She stuffs the bird to capacity, then inserts several sage leaves from our garden under the skin.  Looks pretty and makes a real nice tasting breast.  In the meantime, I'm out in the garden collecting a big colander of the sweetest brussels sprouts from the garden.  A few years I've had to bring a shovel to get at them.  A snow shovel, that is.

The BK family Turkey Day extravaganza begins:

Fresh seasonal fruit 
Nuts, dates, figs, and fig rolls
Celery w/cream cheese 
Black, green and oil-cured olives 
Bread'n'butter pickles, dill pickles, and sweet gherkins
Fresh cranberry and orange relish, and cranberry jelly
Pickled beets from the garden
Mashed rutabaga
Mashed Maine potatoes
Baked Idaho potatoes
Baked white sweet potatoes
Braised brussels sprouts
Butternut and acorn squash
That green bean thing, except I buy fresh green beans and french-cut them myself (why simplify if you don't have to)
Candied carrots from the garden
Peas
Scalloped corn
Scalloped oysters (when my FIL was still alive)

Da bird, of course... and about half a gallon of gravy

Then dessert...

Apple, pecan, pumpkin, chocolate cream, lemon meringue, and mincemeat pies (can never have too much pie)
I am the world's best pie crust maker  ;-) 

Several bottles of Pellegrino with lemon slices
Cranberry juice
Several bottles of good Oregon Pinot (always plenty leftover, but a sin to run out)
4-5 single-malts (for variety, more or less as the budget allows)
2-3 bourbons (budget always allows)
Organic Sumatra coffee - roasted Viennese-style, fresh ground, and brewed strong
Humidor full of cigars

Brand new bottle of Gavascon sitting by the recliner.

Then there is the procession of meals spawned by having a 25 pound turkey.

Besides cold turkey sandwiches every day for lunch:

Day 2 - leftovers
Day 3 - leftovers (break turkey carcass apart and make soup stock)
Day 4 - hot turkey sandwiches 
Day 5 - creamed turkey and peas on homemade biscuits
Day 6 - turkey chow mein
Day 7 - turkey soup

Getting a new house, so we won't be doing Thanksgiving dinner here this year.  Everything will be packed.  Going to my DIL's aunt and uncle's house.  All I have to do is bring the Pinot and the pies.

I could get used to that.


----------



## Milton Findley (Nov 19, 2011)

GAMMA RAY said:
			
		

> hossthehermit said:
> 
> 
> 
> ...



Green bean casserole is Lutheran food, we even have a song about it.    :cheese: 

Honey baked ham for us this Thanksgiving, nothing gets stuffed but us.  For about 4 days.


----------



## Mrs.
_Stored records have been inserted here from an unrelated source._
lemma Wp_image_hyperplanes: "w \<in> Wp Phi p \<Longrightarrow> H \<in> hyperplanes \<Longrightarrow> w ` H \<in> hyperplanes"
  by (metis Wp_image_hyperplane hyperplanesE hyperplane_in_hyperplanes pos_root)

lemma Wp_separates_iff:
  assumes "w \<in> Wp Phi p"
  shows "separates (w ` H) (w y) (w z) \<longleftrightarrow> separates H y z"
proof -
  have "inj w" using inj_Wp[OF assms] .
  moreover have "(1 - t) *\<^sub>R w y + t *\<^sub>R w z = w ((1 - t) *\<^sub>R y + t *\<^sub>R z)" for t
    using Wp_convex[OF assms] by simp
  ultimately show ?thesis unfolding separates_def by (simp add: inj_image_mem_iff)
qed

lemma Wp_separating:
  assumes w: "w \<in> Wp Phi p"
  shows "separating (w y) (w z) = (\<lambda>H. w ` H) ` separating y z"
proof
  show "(\<lambda>H. w ` H) ` separating y z \<subseteq> separating (w y) (w z)"
    unfolding separating_def using Wp_image_hyperplanes[OF w] Wp_separates_iff[OF w] by auto
next
  show "separating (w y) (w z) \<subseteq> (\<lambda>H. w ` H) ` separating y z"
  proof
    fix H'
    assume H': "H' \<in> separating (w y) (w z)"
    obtain w' where w': "w' \<in> Wp Phi p" "w \<circ> w' = id" using Wp_inverse[OF w] by blast
    have H'_eq: "H' = w ` (w' ` H')" using w'(2) by (simp add: image_comp)
    have "w' ` H' \<in> separating y z"
      using H' Wp_image_hyperplanes[OF w'(1)] Wp_separates_iff[OF w, of "w' ` H'"] H'_eq
      unfolding separating_def by auto
    then show "H' \<in> (\<lambda>H. w ` H) ` separating y z" using H'_eq by blast
  qed
qed

lemma card_separating_Wp:
  assumes "w \<in> Wp Phi p"
  shows "card (separating (w y) (w z)) = card (separating y z)"
proof -
  have "inj (\<lambda>H. w ` H)" using inj_Wp[OF assms] by (simp add: inj_def inj_image_eq_iff)
  then show ?thesis unfolding Wp_separating[OF assms] by (simp add: card_image inj_on_subset)
qed

lemma Wp_regular:
  assumes "w \<in> Wp Phi p" "regular y"
  shows "regular (w y)"
proof -
  obtain w' where w': "w' \<in> Wp Phi p" "w' \<circ> w = id" using Wp_inverse[OF assms(1)] by blast
  have "w y \<notin> H" if "H \<in> hyperplanes" for H
  proof
    assume "w y \<in> H"
    then have "y \<in> w' ` H" using w'(2) by (metis comp_apply id_apply image_eqI)
    then show False using assms(2) Wp_image_hyperplanes[OF w'(1) that] unfolding regular_def by blast
  qed
  then show ?thesis unfolding regular_def by blast
qed

section \<open>Walls of the fundamental alcove\<close>

text \<open>The alcove \<open>C\<close> translated by \<open>\<rho>\<close>; in these coordinates the dot action is the ordinary
  action of \<open>W\<^sub>p\<close>.\<close>

definition fund_alcove :: "'a set" where
  "fund_alcove = {y. \<forall>b\<in>Pos. 0 < cop y b \<and> cop y b < real p}"

definition is_wall :: "'a \<Rightarrow> int \<Rightarrow> bool" where
  "is_wall a m \<longleftrightarrow> a \<in> Pos \<and> (\<exists>x. (\<forall>b\<in>Pos. 0 \<le> cop x b \<and> cop x b \<le> real p) \<and>
      cop x a = of_int m * real p \<and> (\<forall>b\<in>Pos - {a}. 0 < cop x b \<and> cop x b < real p))"

lemma fund_alcove_regular: "y \<in> fund_alcove \<Longrightarrow> regular y"
  unfolding regular_iff fund_alcove_def
  using between_multiples_not_multiple[of 0 "real p"] by auto

lemma separating_fund_alcove:
  assumes "y \<in> fund_alcove" "z \<in> fund_alcove"
  shows "separating y z = {}"
proof -
  have "H \<notin> separating y z" if "H \<in> hyperplanes" for H
  proof -
    obtain b k where b: "b \<in> Pos" "H = hyperplane b k" using \<open>H \<in> hyperplanes\<close> by (rule hyperplanesE)
    then have "0 < (cop y b - of_int k * real p) * (cop z b - of_int k * real p)"
      using assms same_strip_mult_pos[of 0 "real p" "cop y b" "cop z b" k] unfolding fund_alcove_def by simp
    then show ?thesis using b hyperplane_in_separating_iff pos_root by simp
  qed
  then show ?thesis unfolding separating_def by blast
qed

lemma wall_level: "is_wall a m \<Longrightarrow> m = 0 \<or> m = 1"
proof -
  assume "is_wall a m"
  then obtain x where "0 \<le> cop x a" "cop x a \<le> real p" "cop x a = of_int m * real p"
    unfolding is_wall_def by blast
  then have "0 \<le> real_of_int m" "real_of_int m \<le> 1" using p_pos by (simp_all add: zero_le_mult_iff)
  then show "m = 0 \<or> m = 1" by linarith
qed

lemma separating_eq_if_separating_empty:
  assumes "regular y" "regular y'" "regular z" "regular z'"
    and "separating y y' = {}" "separating z z' = {}"
  shows "separating y z = separating y' z'"
proof -
  have "H \<in> separating y z \<longleftrightarrow> H \<in> separating y' z'" for H
    using separating_triangle[OF assms(1,2,3), of H] separating_triangle[OF assms(2,3,4), of H]
      assms(5,6) separating_sym by blast
  then show ?thesis by blast
qed
lemma sum_Pow_power_card: "finite A \<Longrightarrow> (\<Sum>S\<in>Pow A. (x::real) ^ card S) = (1 + x) ^ card A"
proof (induction A rule: finite_induct)
  case (insert a A)
  have "card (insert a S) = Suc (card S)" if "S \<subseteq> A" for S
  proof -
    have "finite S" "a \<notin> S" using that insert.hyps finite_subset by auto
    then show ?thesis by simp
  qed
  then have "(\<Sum>S\<in>Pow (insert a A). x ^ card S) = (\<Sum>S\<in>Pow A. x ^ card S) + x * (\<Sum>S\<in>Pow A. x ^ card S)"
    using insert.hyps by (simp add: sum_Pow_insert sum_distrib_left)
  then show ?case using insert by (simp add: algebra_simps)
qed simp

text \<open>The union bound over all large vertex sets: a set of size \<open>k\<close> fails with probability at
  most \<open>n\<^sup>-\<^sup>3\<^sup>k\<close>.\<close>

lemma sum_nonempty_subsets_le:
  assumes "0 < n"
  shows "(\<Sum>S\<in>Pow {0..<n} - {{}}. (1 / real n ^ 3) ^ card S) \<le> 2 / real n ^ 2"
proof -
  define x where "x = 1 / real n ^ 3"
  have x: "0 \<le> x" "real n * x = 1 / real n ^ 2" using assms by (simp_all add: x_def power_def)
  have "(\<Sum>S\<in>Pow {0..<n} - {{}}. x ^ card S) = (1 + x) ^ n - 1"
    by (simp add: sum_diff1 sum_Pow_power_card)
  also have "(1 + x) ^ n \<le> exp x ^ n"
    using x(1) by (intro power_mono) (auto simp: add.commute exp_ge_add_one_self)
  also have "exp x ^ n = exp (1 / real n ^ 2)"
    by (simp add: exp_of_nat_mult[symmetric] x(2))
  also have "exp (1 / real n ^ 2) \<le> 1 + 1 / real n ^ 2 + (1 / real n ^ 2)\<^sup>2"
    using assms by (intro exp_bound) auto
  also have "(1 / real n ^ 2)\<^sup>2 \<le> 1 / real n ^ 2"
    using power_decreasing[of 1 2 "1 / real n ^ 2"] assms by simp
  finally show ?thesis by (simp add: x_def)
qed

locale gnp_parameters =
  fixes n s\<^sub>0 :: nat and p \<eta> :: real
  assumes n_ge_7: "7 \<le> n" and p_pos: "0 < p" and p_le_1: "p \<le> 1"
    and eta_pos: "0 < \<eta>" and eta_le: "\<eta> \<le> 1/4" and s0_pos: "1 \<le> s\<^sub>0"
    and edge_margin: "32 * ln (real n) \<le> \<eta>\<^sup>2 * p\<^sup>2 * real n"
    and set_margin: "24 * ln (real n) \<le> \<eta>\<^sup>2 * p * (real s\<^sub>0 - 1)"
begin

definition edge_count_deviates :: "nat set set \<Rightarrow> bool" where
  "edge_count_deviates E \<longleftrightarrow>
     (1 + \<eta>) * (p * card (pairs n)) \<le> (\<Sum>(a, b)\<in>pairs n. wt E a b) \<or>
     (\<Sum>(a, b)\<in>pairs n. wt E a b) \<le> (1 - \<eta>) * (p * card (pairs n))"

definition codegree_deviates :: "nat set set \<Rightarrow> bool" where
  "codegree_deviates E \<longleftrightarrow> (\<exists>x\<in>pairs n.
     (1 + \<eta>) * (p\<^sup>2 * (real n - 2)) \<le> codegree n (wt E) (fst x) (snd x) \<or>
     codegree n (wt E) (fst x) (snd x) \<le> (1 - \<eta>) * (p\<^sup>2 * (real n - 2)))"

definition large_dense_set :: "nat set set \<Rightarrow> bool" where
  "large_dense_set E \<longleftrightarrow> (\<exists>S\<in>{S \<in> Pow {0..<n}. s\<^sub>0 \<le> card S}.
     (1 + \<eta>) * (p * card (pairs_in S)) \<le> (\<Sum>(a, b)\<in>pairs_in S. wt E a b))"

definition caterpillar_cost_high :: "nat set set \<Rightarrow> bool" where
  "caterpillar_cost_high E \<longleftrightarrow>
     (1 + \<eta>) * (p * (2 * card (triples n))) \<le> (\<Sum>(a, b)\<in>pairs n. wt E a b * real (n - 2 - a))"

lemma n_pos: "0 < n" and ln_n_nonneg: "0 \<le> ln (real n)"
  using n_ge_7 by auto

lemma p_sq_le: "p\<^sup>2 \<le> p"
  using p_pos p_le_1 by (simp add: power2_eq_square mult_le_cancel_left1)

lemma prob_edge_count_deviates: "prob p (all_pairs n) edge_count_deviates \<le> 2 / real n ^ 2"
proof -
  have "real n \<le> real (card (pairs n))"
    using n_ge_7 by (simp add: card_pairs field_simps)
  then have "\<eta>\<^sup>2 * p\<^sup>2 * real n \<le> \<eta>\<^sup>2 * (p * card (pairs n))"
    using p_sq_le p_pos by (simp add: mult.assoc mult_mono mult_left_mono)
  then have "exp (- (\<eta>\<^sup>2 * (p * (\<Sum>x\<in>pairs n. 1)) / 4)) \<le> 1 / real n ^ 2"
    using edge_margin ln_n_nonneg by (intro exp_le_inverse_power n_pos) simp
  then have "prob p (all_pairs n) (\<lambda>E. (1 + \<eta>) * (p * card (pairs n)) \<le> (\<Sum>(a, b)\<in>pairs n. wt E a b))
        \<le> 1 / real n ^ 2"
    and "prob p (all_pairs n) (\<lambda>E. (\<Sum>(a, b)\<in>pairs n. wt E a b) \<le> (1 - \<eta>) * (p * card (pairs n)))
        \<le> 1 / real n ^ 2"
    using edge_sum_chernoff[of p "pairs n" n "\<lambda>_. 1" \<eta>] p_pos p_le_1 eta_pos eta_le
    by simp_all
  then have "prob p (all_pairs n) edge_count_deviates \<le> 1 / real n ^ 2 + 1 / real n ^ 2"
    unfolding edge_count_deviates_def using p_pos p_le_1 by (intro prob_disj_le) auto
  then show ?thesis by simp
qed

lemma prob_codegree_deviates: "prob p (all_pairs n) codegree_deviates \<le> 1 / real n ^ 2"
proof -
  have "4 * (\<eta>\<^sup>2 * p\<^sup>2) \<le> real n * (\<eta>\<^sup>2 * p\<^sup>2)"
    using n_ge_7 by (intro mult_right_mono) auto
  then have "\<eta>\<^sup>2 * p\<^sup>2 * real n \<le> 2 * (\<eta>\<^sup>2 * p\<^sup>2 * (real n - 2))"
    by (simp add: algebra_simps)
  then have margin: "exp (- (\<eta>\<^sup>2 * (p\<^sup>2 * (real n - 2)) / 4)) \<le> 1 / real n ^ 4"
    using edge_margin ln_n_nonneg by (intro exp_le_inverse_power n_pos) simp
  have "prob p (all_pairs n) codegree_deviates \<le> (\<Sum>x\<in>pairs n. 1 / real n ^ 4 + 1 / real n ^ 4)"
    unfolding codegree_deviates_def
  proof (rule order_trans[OF prob_ex sum_mono])
    fix x assume "x \<in> pairs n"
    then have x: "(fst x, snd x) \<in> pairs n" by simp
    show "prob p (all_pairs n) (\<lambda>E. (1 + \<eta>) * (p\<^sup>2 * (real n - 2)) \<le> codegree n (wt E) (fst x) (snd x) \<or>
        codegree n (wt E) (fst x) (snd x) \<le> (1 - \<eta>) * (p\<^sup>2 * (real n - 2)))
      \<le> 1 / real n ^ 4 + 1 / real n ^ 4"
      using codegree_chernoff[OF _ _ x, of p \<eta>] margin p_pos p_le_1 eta_pos eta_le
      by (intro prob_disj_le) auto
  qed (use p_pos p_le_1 in auto)
  also have "\<dots> = real (card (pairs n)) * (2 / real n ^ 4)" by simp
  also have "\<dots> \<le> (real n * real n / 2) * (2 / real n ^ 4)"
    unfolding card_pairs by (intro mult_right_mono) (use n_ge_7 in auto)
  also have "\<dots> = 1 / real n ^ 2" using n_pos by (simp add: field_simps power_def)
  finally show ?thesis .
qed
Krabappel (Nov 19, 2011)

BrotherBart said:
			
		

> ~*~Kathleen~*~ said:
> 
> 
> 
> ...




Missing out again because we are taking the megabus--  http://us.megabus.com/default.aspx


----------



## BrotherBart (Nov 19, 2011)

Now that sounds like the way to travel.


----------



## firefighterjake (Nov 20, 2011)

Wife and I always do the B & B . . . bake and baste . . . we have yet to eat dry turkey . . . and we love stuffing it with sausage stuffing.

Family favorite is banana bread . . . probably some dumb Maine tradition, but it seems as though almost every Maine home I've ever been to for Thanksgiving they have banana bread . . . for some reason it never seems like Thanksgiving for me without banana bread . . . then again for a long time it seemed weird to eat banana bread when it wasn't Thanksgiving.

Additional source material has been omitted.